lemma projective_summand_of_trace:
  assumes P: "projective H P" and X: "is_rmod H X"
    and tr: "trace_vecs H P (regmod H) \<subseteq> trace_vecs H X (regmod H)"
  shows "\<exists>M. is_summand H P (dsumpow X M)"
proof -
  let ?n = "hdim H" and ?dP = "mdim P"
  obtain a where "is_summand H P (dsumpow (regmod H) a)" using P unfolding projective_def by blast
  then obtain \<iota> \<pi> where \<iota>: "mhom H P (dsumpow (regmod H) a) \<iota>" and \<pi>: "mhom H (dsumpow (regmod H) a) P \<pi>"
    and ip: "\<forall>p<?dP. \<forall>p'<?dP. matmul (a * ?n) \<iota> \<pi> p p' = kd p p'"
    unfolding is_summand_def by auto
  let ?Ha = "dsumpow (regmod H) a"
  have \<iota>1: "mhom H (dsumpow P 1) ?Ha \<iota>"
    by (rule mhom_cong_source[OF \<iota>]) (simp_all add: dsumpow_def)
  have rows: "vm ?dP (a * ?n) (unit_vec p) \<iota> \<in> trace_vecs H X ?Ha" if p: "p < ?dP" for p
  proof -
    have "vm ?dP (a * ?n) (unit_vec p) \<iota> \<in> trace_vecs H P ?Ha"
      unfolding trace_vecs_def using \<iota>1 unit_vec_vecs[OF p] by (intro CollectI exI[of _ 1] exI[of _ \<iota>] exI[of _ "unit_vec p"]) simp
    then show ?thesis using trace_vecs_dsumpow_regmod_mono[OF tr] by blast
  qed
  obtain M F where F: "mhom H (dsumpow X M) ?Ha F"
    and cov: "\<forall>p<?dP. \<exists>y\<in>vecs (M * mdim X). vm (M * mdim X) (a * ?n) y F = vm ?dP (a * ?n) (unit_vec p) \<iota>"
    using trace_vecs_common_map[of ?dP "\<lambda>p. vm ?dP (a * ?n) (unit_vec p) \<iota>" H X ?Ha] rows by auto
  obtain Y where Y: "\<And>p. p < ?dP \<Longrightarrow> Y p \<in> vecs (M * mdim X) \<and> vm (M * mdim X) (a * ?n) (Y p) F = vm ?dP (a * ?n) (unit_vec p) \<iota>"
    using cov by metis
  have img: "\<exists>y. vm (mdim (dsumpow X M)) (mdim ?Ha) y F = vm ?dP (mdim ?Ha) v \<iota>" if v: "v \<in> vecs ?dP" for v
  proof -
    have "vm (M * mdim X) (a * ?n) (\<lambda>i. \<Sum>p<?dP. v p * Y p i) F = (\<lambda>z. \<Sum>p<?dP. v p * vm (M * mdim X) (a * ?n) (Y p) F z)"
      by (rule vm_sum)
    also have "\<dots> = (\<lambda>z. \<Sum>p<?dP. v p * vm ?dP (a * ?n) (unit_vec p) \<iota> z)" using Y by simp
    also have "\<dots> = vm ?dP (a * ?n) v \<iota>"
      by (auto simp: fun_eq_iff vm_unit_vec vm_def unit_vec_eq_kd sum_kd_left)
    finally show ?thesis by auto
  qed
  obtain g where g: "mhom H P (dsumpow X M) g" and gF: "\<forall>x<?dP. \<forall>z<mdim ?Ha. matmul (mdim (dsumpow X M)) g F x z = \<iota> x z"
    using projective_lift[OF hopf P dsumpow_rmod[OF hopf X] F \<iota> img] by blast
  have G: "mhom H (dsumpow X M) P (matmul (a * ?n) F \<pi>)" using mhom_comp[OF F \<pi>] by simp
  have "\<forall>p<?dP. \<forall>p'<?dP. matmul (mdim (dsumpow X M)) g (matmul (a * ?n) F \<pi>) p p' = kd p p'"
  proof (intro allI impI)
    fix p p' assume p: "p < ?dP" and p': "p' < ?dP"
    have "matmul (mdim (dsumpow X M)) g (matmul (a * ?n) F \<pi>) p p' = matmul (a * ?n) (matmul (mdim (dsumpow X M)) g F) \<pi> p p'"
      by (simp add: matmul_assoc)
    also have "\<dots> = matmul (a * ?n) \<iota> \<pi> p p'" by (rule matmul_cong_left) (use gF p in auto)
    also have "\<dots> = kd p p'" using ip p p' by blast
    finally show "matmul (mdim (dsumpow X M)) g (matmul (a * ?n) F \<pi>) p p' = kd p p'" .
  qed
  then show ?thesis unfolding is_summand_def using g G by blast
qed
++++
> [REQUIREMENT] The full listing is to be printed again exactly as it stands.

> [RESULT OF THIS EXERCISE]
lemma projective_summand_of_trace:
  assumes P: "projective H P" and X: "is_rmod H X"
    and tr: "trace_vecs H P (regmod H) \<subseteq> trace_vecs H X (regmod H)"
  shows "\<exists>M. is_summand H P (dsumpow X M)"
proof -
  let ?n = "hdim H" and ?dP = "mdim P"
  obtain a where "is_summand H P (dsumpow (regmod H) a)" using P unfolding projective_def by blast
  then obtain \<iota> \<pi> where \<iota>: "mhom H P (dsumpow (regmod H) a) \<iota>" and \<pi>: "mhom H (dsumpow (regmod H) a) P \<pi>"
    and ip: "\<forall>p<?dP. \<forall>p'<?dP. matmul (a * ?n) \<iota> \<pi> p p' = kd p p'"
    unfolding is_summand_def by auto
  let ?Ha = "dsumpow (regmod H) a"
  have \<iota>1: "mhom H (dsumpow P 1) ?Ha \<iota>"
    by (rule mhom_cong_source[OF \<iota>]) (simp_all add: dsumpow_def)
  have rows: "vm ?dP (a * ?n) (unit_vec p) \<iota> \<in> trace_vecs H X ?Ha" if p: "p < ?dP" for p
  proof -
    have "vm ?dP (a * ?n) (unit_vec p) \<iota> \<in> trace_vecs H P ?Ha"
      unfolding trace_vecs_def using \<iota>1 unit_vec_vecs[OF p] by (intro CollectI exI[of _ 1] exI[of _ \<iota>] exI[of _ "unit_vec p"]) simp
    then show ?thesis using trace_vecs_dsumpow_regmod_mono[OF tr] by blast
  qed
  obtain M F where F: "mhom H (dsumpow X M) ?Ha F"
    and cov: "\<forall>p<?dP. \<exists>y\<in>vecs (M * mdim X). vm (M * mdim X) (a * ?n) y F = vm ?dP (a * ?n) (unit_vec p) \<iota>"
    using trace_vecs_common_map[of ?dP "\<lambda>p. vm ?dP (a * ?n) (unit_vec p) \<iota>" H X ?Ha] rows by auto
  obtain Y where Y: "\<And>p. p < ?dP \<Longrightarrow> Y p \<in> vecs (M * mdim X) \<and> vm (M * mdim X) (a * ?n) (Y p) F = vm ?dP (a * ?n) (unit_vec p) \<iota>"
    using cov by metis
  have img: "\<exists>y. vm (mdim (dsumpow X M)) (mdim ?Ha) y F = vm ?dP (mdim ?Ha) v \<iota>" if v: "v \<in> vecs ?dP" for v
  proof -
    have "vm (M * mdim X) (a * ?n) (\<lambda>i. \<Sum>p<?dP. v p * Y p i) F = (\<lambda>z. \<Sum>p<?dP. v p * vm (M * mdim X) (a * ?n) (Y p) F z)"
      by (rule vm_sum)
    also have "\<dots> = (\<lambda>z. \<Sum>p<?dP. v p * vm ?dP (a * ?n) (unit_vec p) \<iota> z)" using Y by simp
    also have "\<dots> = vm ?dP (a * ?n) v \<iota>"
      by (auto simp: fun_eq_iff vm_unit_vec vm_def unit_vec_eq_kd sum_kd_left)
    finally show ?thesis by auto
  qed
  obtain g where g: "mhom H P (dsumpow X M) g" and gF: "\<forall>x<?dP. \<forall>z<mdim ?Ha. matmul (mdim (dsumpow X M)) g F x z = \<iota> x z"
    using projective_lift[OF hopf P dsumpow_rmod[OF hopf X] F \<iota> img] by blast
  have G: "mhom H (dsumpow X M) P (matmul (a * ?n) F \<pi>)" using mhom_comp[OF F \<pi>] by simp
  have "\<forall>p<?dP. \<forall>p'<?dP. matmul (mdim (dsumpow X M)) g (matmul (a * ?n) F \<pi>) p p' = kd p p'"
  proof (intro allI impI)
    fix p p' assume p: "p < ?dP" and p': "p' < ?dP"
    have "matmul (mdim (dsumpow X M)) g (matmul (a * ?n) F \<pi>) p p' = matmul (a * ?n) (matmul (mdim (dsumpow X M)) g F) \<pi> p p'"
      by (simp add: matmul_assoc)
    also have "\<dots> = matmul (a * ?n) \<iota> \<pi> p p'" by (rule matmul_cong_left) (use gF p in auto)
    also have "\<dots> = kd p p'" using ip p p' by blast
    finally show "matmul (mdim (dsumpow X M)) g (matmul (a * ?n) F \<pi>) p p' = kd p p'" .
  qed
  then show ?thesis unfolding is_summand_def using g G by blast
qed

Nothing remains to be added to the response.